For ALL new content, apply humanization-rules.md constraints:

Sentence variation (fragments + long), contractions, parenthetical asides
Entity grounding (specific versions, dates, names from research)
Voice matching if profile available — match the existing article's voice, not your default
No throat-clearing (G12), BLUF per section (G9), max 300 words/section (G6)
Stats and volatile practical facts must remain traceable to the fact sheet (G11)
Do not build paragraph rhythm around repeated source lead-ins such as Według X (2025)
Use a hard source-name budget: the same full institution/source name should appear no more than once per section and no more than 3 times in the whole article body, excluding a compact ## Źródła section
Use (odczyt: miesiąc rok) only for volatile practical facts, not for stable historical description
Do not append a process-heavy research appendix such as Źródła wykorzystane przy aktualizacji
End public articles with a compact ## Źródła section unless the host project explicitly forbids visible sources
In ## Źródła, keep 3-6 grouped bullets max: source title + link only
Group repeated institutions into one bullet whenever possible, e.g. - **APSARA National Authority:** [Temple page](...), [Restoration update](...)
Do not add filler closers like ## Na koniec if they only restate the article
Prefer practical expansion blocks (specific H2s, lists, route notes, local comparisons, FAQ at the end) over replacing the opening with smoother narrative prose
For practical/service-intent articles, add or preserve a short ## W skrócie block immediately after the italic lead and before the first image or H2. Keep 3-5 bullets max.
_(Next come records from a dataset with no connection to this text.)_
(* Let $\mathcal{M}$ be the family of $3$-graphs defined in the context. A $3$-graph $\mathcal{H}$ is $\mathcal{M}$-free if and only if it is $\mathcal{M}$-hom-free.
   Context: A $3$-graph is a $3$-uniform hypergraph; $\mathcal{F}$-free means containing no member of $\mathcal{F}$ as a subgraph; "contained in" means isomorphic to a subgraph of. A map $f:V(F)\to V(\mathcal{H})$ is a homomorphism if $f(E)\in\mathcal{H}$ for every $E\in F$ (in particular $f$ is injective on each edge). $\mathcal{H}$ is $F$-hom-free if there is no homomorphism from $F$ to $\mathcal{H}$, and $\mathcal{F}$-hom-free if it is $F$-hom-free for all $F\in\mathcal{F}$. Transversal number $\tau(\mathcal{H})$: minimum size of a vertex set meeting every edge ($0$ if no edges). For $\ell\ge3$, $\mathcal{K}^3_{\ell+1}$: all $3$-graphs $F$ on at most $(\ell+1)+\binom{\ell+1}{2}$ vertices having an $(\ell+1)$-set $S$ (a core) every pair of which lies in an edge of $F$. Blowup of a $3$-graph $\mathcal{T}$ on $[s]$: replace vertex $i$ by a set of size $t_i\ge1$ (pairwise disjoint), each edge by the complete $3$-partite $3$-graph on the corresponding sets. $\mathcal{G}^1_n$: disjoint $A,B$, $|A|=\lfloor n/3\rfloor$, $|B|=\lceil 2n/3\rceil$, edges $\{a,b,b'\}$ with $a\in A$, $\{b,b'\}\subseteq B$. $\mathcal{G}^2_6$: all triples of $[6]$ except $\{1,2,3\},\{1,2,6\},\{3,4,5\},\{4,5,6\}$; for $n>6$, $\mathcal{G}^2_n$ is a blowup of $\mathcal{G}^2_6$ on $n$ vertices with maximum number of edges. $\mathcal{M}=M_1\cup M_2\cup M_3$ with $M_1=\{K_5^{3-}\}$ (complete $3$-graph on $5$ vertices minus an edge), $M_2$ = all $F\in\mathcal{K}^3_7$ with a core $S$ such that $\tau(F[S])\ge2$, $M_3$ = all $F\in\mathcal{K}^3_6$ not contained in $\mathcal{G}^1_n$ for any $n\ge1$ and not contained in $\mathcal{G}^2_n$ for any $n\ge6$. *)

theory Defs
  imports Main
begin

definition hg3 :: "'a set \<Rightarrow> 'a set set \<Rightarrow> bool" where
  "hg3 V E \<longleftrightarrow> finite V \<and> (\<forall>e\<in>E. e \<subseteq> V \<and> card e = 3)"

text \<open>Homomorphism F -> H (injectivity on edges is automatic since edges of H are 3-sets).\<close>
definition hom_map :: "'a set \<Rightarrow> 'a set set \<Rightarrow> 'b set \<Rightarrow> 'b set set \<Rightarrow> ('a \<Rightarrow> 'b) \<Rightarrow> bool" where
  "hom_map VF EF VH EH f \<longleftrightarrow> f ` VF \<subseteq> VH \<and> (\<forall>e\<in>EF. f ` e \<in> EH)"

definition contained :: "'a set \<Rightarrow> 'a set set \<Rightarrow> 'b set \<Rightarrow> 'b set set \<Rightarrow> bool" where
  "contained VF EF VH EH \<longleftrightarrow> (\<exists>f. inj_on f VF \<and> hom_map VF EF VH EH f)"

definition transversal_number :: "'a set \<Rightarrow> 'a set set \<Rightarrow> nat" where
  "transversal_number V E = Min {card T | T. T \<subseteq> V \<and> (\<forall>e\<in>E. T \<inter> e \<noteq> {})}"

definition induced_edges :: "'a set set \<Rightarrow> 'a set \<Rightarrow> 'a set set" where
  "induced_edges E S = {e \<in> E. e \<subseteq> S}"

definition is_core :: "'a set \<Rightarrow> 'a set set \<Rightarrow> nat \<Rightarrow> 'a set \<Rightarrow> bool" where
  "is_core V E k S \<longleftrightarrow> S \<subseteq> V \<and> card S = k \<and>
     (\<forall>x\<in>S. \<forall>y\<in>S. x \<noteq> y \<longrightarrow> (\<exists>e\<in>E. x \<in> e \<and> y \<in> e))"

text \<open>Membership in the family K^3_k (k = l+1).\<close>
definition inK :: "nat \<Rightarrow> 'a set \<Rightarrow> 'a set set \<Rightarrow> bool" where
  "inK k V E \<longleftrightarrow> hg3 V E \<and> card V \<le> k + (k choose 2) \<and> (\<exists>S. is_core V E k S)"

definition is_K5minus :: "'a set \<Rightarrow> 'a set set \<Rightarrow> bool" where
  "is_K5minus V E \<longleftrightarrow> hg3 V E \<and> card V = 5 \<and>
     (\<exists>t. t \<subseteq> V \<and> card t = 3 \<and> E = {e. e \<subseteq> V \<and> card e = 3} - {t})"

text \<open>G^1_n on vertex set {0..<n}: A = {0..<n div 3}, B = {n div 3..<n}.\<close>
definition G1V :: "nat \<Rightarrow> nat set" where
  "G1V n = {0..<n}"

definition G1E :: "nat \<Rightarrow> nat set set" where
  "G1E n = {{a, b, b'} | a b b'. a < n div 3 \<and> n div 3 \<le> b \<and> b < n \<and>
                                 n div 3 \<le> b' \<and> b' < n \<and> b \<noteq> b'}"

definition G26E :: "nat set set" where
  "G26E = {e. e \<subseteq> {1..6} \<and> card e = 3} - {{1,2,3}, {1,2,6}, {3,4,5}, {4,5,6}}"

definition blowV :: "(nat \<Rightarrow> nat) \<Rightarrow> (nat \<times> nat) set" where
  "blowV t = {(i, j). i \<in> {1..6} \<and> j < t i}"

definition blowE :: "(nat \<Rightarrow> nat) \<Rightarrow> (nat \<times> nat) set set" where
  "blowE t = {{(i1, j1), (i2, j2), (i3, j3)} | i1 j1 i2 j2 i3 j3.
               {i1, i2, i3} \<in> G26E \<and> j1 < t i1 \<and> j2 < t i2 \<and> j3 < t i3}"

definition valid_sizes :: "(nat \<Rightarrow> nat) \<Rightarrow> nat \<Rightarrow> bool" where
  "valid_sizes t n \<longleftrightarrow> (\<forall>i\<in>{1..6}. t i \<ge> 1) \<and> (\<Sum>i\<in>{1..6}. t i) = n"

definition is_G2 :: "nat \<Rightarrow> (nat \<times> nat) set \<Rightarrow> (nat \<times> nat) set set \<Rightarrow> bool" where
  "is_G2 n V E \<longleftrightarrow> (\<exists>t. valid_sizes t n \<and> V = blowV t \<and> E = blowE t \<and>
      (\<forall>t'. valid_sizes t' n \<longrightarrow> card (blowE t') \<le> card (blowE t)))"

definition calM1 :: "(nat set \<times> nat set set) set" where
  "calM1 = {(V, E). is_K5minus V E}"

definition calM2 :: "(nat set \<times> nat set set) set" where
  "calM2 = {(V, E). inK 7 V E \<and>
      (\<exists>S. is_core V E 7 S \<and> transversal_number S (induced_edges E S) \<ge> 2)}"

definition calM3 :: "(nat set \<times> nat set set) set" where
  "calM3 = {(V, E). inK 6 V E \<and>
      \<not> (\<exists>n\<ge>1. contained V E (G1V n) (G1E n)) \<and>
      \<not> (\<exists>n\<ge>6. \<exists>GV GE. is_G2 n GV GE \<and> contained V E GV GE)}"

definition calM :: "(nat set \<times> nat set set) set" where
  "calM = calM1 \<union> calM2 \<union> calM3"

definition family_free :: "(nat set \<times> nat set set) set \<Rightarrow> 'a set \<Rightarrow> 'a set set \<Rightarrow> bool" where
  "family_free FF V E \<longleftrightarrow> (\<forall>(VF, EF)\<in>FF. \<not> contained VF EF V E)"

definition family_hom_free :: "(nat set \<times> nat set set) set \<Rightarrow> 'a set \<Rightarrow> 'a set set \<Rightarrow> bool" where
  "family_hom_free FF V E \<longleftrightarrow> (\<forall>(VF, EF)\<in>FF. \<not> (\<exists>f. hom_map VF EF V E f))"

end

theory Submission
  imports Defs "HOL-Library.FuncSet"
begin

(* Every containment is a homomorphism, so M-hom-free 3-graphs are M-free. Conversely, a
   homomorphism f from a member F of M into a 3-graph is injective on every edge, and its image
   f(F), relabelled onto the natural numbers, is contained in the target. So it suffices that
   M is closed under edge-injective images. Such a map is injective on every vertex set whose
   pairs are covered by edges: it maps K_5^{3-} isomorphically, maps a core onto a core of the
   same size, and keeps the transversal number of the core at least 2. For M_3, a containment of
   the image in G^1_n or G^2_n yields a homomorphism of F into it, and a homomorphism of F into
   G^1_n or into a blowup of G^2_6 lifts to an embedding into a large balanced blowup; balanced
   blowups of G^2_6 have the maximum number of edges, so they are themselves G^2_m. *)

lemma hom_map_comp:
  "hom_map VF EF VG EG f \<Longrightarrow> hom_map VG EG VH EH g \<Longrightarrow> hom_map VF EF VH EH (g \<circ> f)"
  unfolding hom_map_def image_comp[symmetric] by blast

lemma finite_inj_on_nat_bounded:
  assumes "finite A"
  obtains idx :: "'a \<Rightarrow> nat" and s where "inj_on idx A" "\<forall>v\<in>A. idx v < s" "0 < s"
proof -
  obtain idx :: "'a \<Rightarrow> nat" and n where idx: "idx ` A = {i. i < n}" "inj_on idx A"
    using finite_imp_inj_to_nat_seg[OF assms] by blast
  have "idx v < Suc n" if "v \<in> A" for v
    using idx(1) that by (metis imageI less_SucI mem_Collect_eq)
  with idx(2) show thesis by (intro that[of idx "Suc n"]) auto
qed

lemma hom_map_inj_on_edge:
  assumes "hg3 VF EF" "hg3 V E" "hom_map VF EF V E f" "e \<in> EF"
  shows "inj_on f e"
proof (rule eq_card_imp_inj_on)
  show "card (f ` e) = card e" and "finite e"
    using assms unfolding hg3_def hom_map_def by (auto intro: card_ge_0_finite)
qed

lemma hg3_image:
  assumes "hg3 VF EF" "\<forall>e\<in>EF. inj_on g e"
  shows "hg3 (g ` VF) ((`) g ` EF)"
  using assms unfolding hg3_def by (auto simp: card_image)

lemma contained_hom_image:
  assumes F: "hg3 VF EF" and f: "hom_map VF EF V E f" and h: "inj_on h (f ` VF)"
  shows "contained ((h \<circ> f) ` VF) ((`) (h \<circ> f) ` EF) V E"
  unfolding contained_def
proof (intro exI conjI)
  let ?k = "inv_into (f ` VF) h"
  have k_cancel: "?k ` (h \<circ> f) ` X = f ` X" if "X \<subseteq> VF" for X
    unfolding image_comp[symmetric] using that by (simp add: image_mono h)
  show "inj_on ?k ((h \<circ> f) ` VF)"
    by (rule inj_on_inv_into) (simp add: image_comp)
  show "hom_map ((h \<circ> f) ` VF) ((`) (h \<circ> f) ` EF) V E ?k"
    using f F k_cancel unfolding hom_map_def hg3_def by auto
qed

lemma inj_on_edges_hom_image:
  assumes "hg3 VF EF" "hg3 V E" "hom_map VF EF V E f" "inj_on h (f ` VF)"
  shows "\<forall>e\<in>EF. inj_on (h \<circ> f) e"
proof (intro ballI comp_inj_on)
  fix e assume "e \<in> EF"
  with assms(1-3) show "inj_on f e" by (rule hom_map_inj_on_edge)
  show "inj_on h (f ` e)"
    using assms(1,4) \<open>e \<in> EF\<close> unfolding hg3_def by (blast intro: inj_on_subset)
qed

section \<open>Maps injective on edges\<close>

definition covers_pairs :: "'a set set \<Rightarrow> 'a set \<Rightarrow> bool" where
  "covers_pairs E S \<longleftrightarrow> (\<forall>x\<in>S. \<forall>y\<in>S. x \<noteq> y \<longrightarrow> (\<exists>e\<in>E. x \<in> e \<and> y \<in> e))"

lemma is_core_iff: "is_core V E k S \<longleftrightarrow> S \<subseteq> V \<and> card S = k \<and> covers_pairs E S"
  unfolding is_core_def covers_pairs_def ..

lemma inj_on_if_covers_pairs:
  assumes "covers_pairs E S" "\<forall>e\<in>E. inj_on g e"
  shows "inj_on g S"
proof (rule inj_onI, rule ccontr)
  fix x y assume xy: "x \<in> S" "y \<in> S" "g x = g y" "x \<noteq> y"
  then obtain e where "e \<in> E" "x \<in> e" "y \<in> e"
    using assms(1) unfolding covers_pairs_def by blast
  with assms(2) xy(3,4) show False by (metis inj_on_eq_iff)
qed

lemma covers_pairs_image:
  assumes "covers_pairs E S"
  shows "covers_pairs ((`) g ` E) (g ` S)"
  unfolding covers_pairs_def
proof (intro ballI impI)
  fix x' y' assume "x' \<in> g ` S" "y' \<in> g ` S" "x' \<noteq> y'"
  then obtain x y where xy: "x \<in> S" "y \<in> S" "x \<noteq> y" "x' = g x" "y' = g y"
    by blast
  with assms obtain e where "e \<in> E" "x \<in> e" "y \<in> e"
    unfolding covers_pairs_def by blast
  with xy(4,5) show "\<exists>e'\<in>(`) g ` E. x' \<in> e' \<and> y' \<in> e'" by blast
qed

lemma is_core_image:
  assumes "is_core V E k S" "\<forall>e\<in>E. inj_on g e"
  shows "is_core (g ` V) ((`) g ` E) k (g ` S)"
proof -
  have S: "S \<subseteq> V" "card S = k" "covers_pairs E S"
    using assms(1) unfolding is_core_iff by blast+
  have "card (g ` S) = k"
    using card_image[OF inj_on_if_covers_pairs[OF S(3) assms(2)]] S(2) by simp
  with S(1) covers_pairs_image[OF S(3)] show ?thesis
    unfolding is_core_iff by blast
qed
Use these exact output shapes when applicable:

## W skrócie
- [Najważniejsza decyzja / odpowiedź]
- [Najważniejszy wymóg / koszt / limit]
- [Najważniejsza opcja / wyjątek]
- [Najważniejszy warunek praktyczny]

## Źródła
- **[Instytucja / grupa źródeł]:** [Tytuł 1](...), [Tytuł 2](...)
- **[Instytucja / grupa źródeł]:** [Tytuł 3](...)
- **[Instytucja / grupa źródeł]:** [Tytuł 4](...)

2.3 Internal Links

Insert 2-5 contextual internal links from Phase 0 candidates. Validate each via Glob. Unverified → [UNVERIFIED LINK], not auto-inserted.

2.4 SEO + Schema

Read domain-profile-registry.md for niche-appropriate schema:

Detect existing @type. If specific (Recipe, HowTo, Event) → preserve and merge. If BlogPosting only → upgrade per niche.
FAQ: if article now has Q&A content + niche allows FAQ → add FAQPage schema.
Inspect the local content schema/config before mutating frontmatter. Treat the schema as the source of truth for allowed fields.
OG tags: write og:title, og:description, og:type, og:image only if those fields are clearly accepted by the local schema. If not, inherit layout-level OG behavior and record OG: inherited-from-layout.
dateModified / modifiedDate / updatedDate: Find the exact modification-date field already accepted by the collection schema (common names: modifiedDate, updatedDate, dateModified, lastmod, updated) and update that field. If no such field exists and schema support is unclear, do not invent modifiedDate; leave frontmatter unchanged and record Date field: unchanged (schema-blocked). Never touch publishDate / date / publishedDate — that's the original publication date.
Meta title/description: only update if currently MISSING. Never rewrite existing meta that the author wrote.

2.5 Anti-slop Review

Run anti-slop check on expanded content (same as write-article Phase 4):

Hard/soft banned vocabulary per banned-vocabulary/core.md + active language file + --tone
G12 anti-patterns (throat-clearing, superlatives, keyword density)
BLUF compliance (G9), chunkability (G6), citation compliance (G11)
Dispatch anti-slop-reviewer agent (read ../../skills/write-article/agents/anti-slop-reviewer.md) for all articles regardless of length.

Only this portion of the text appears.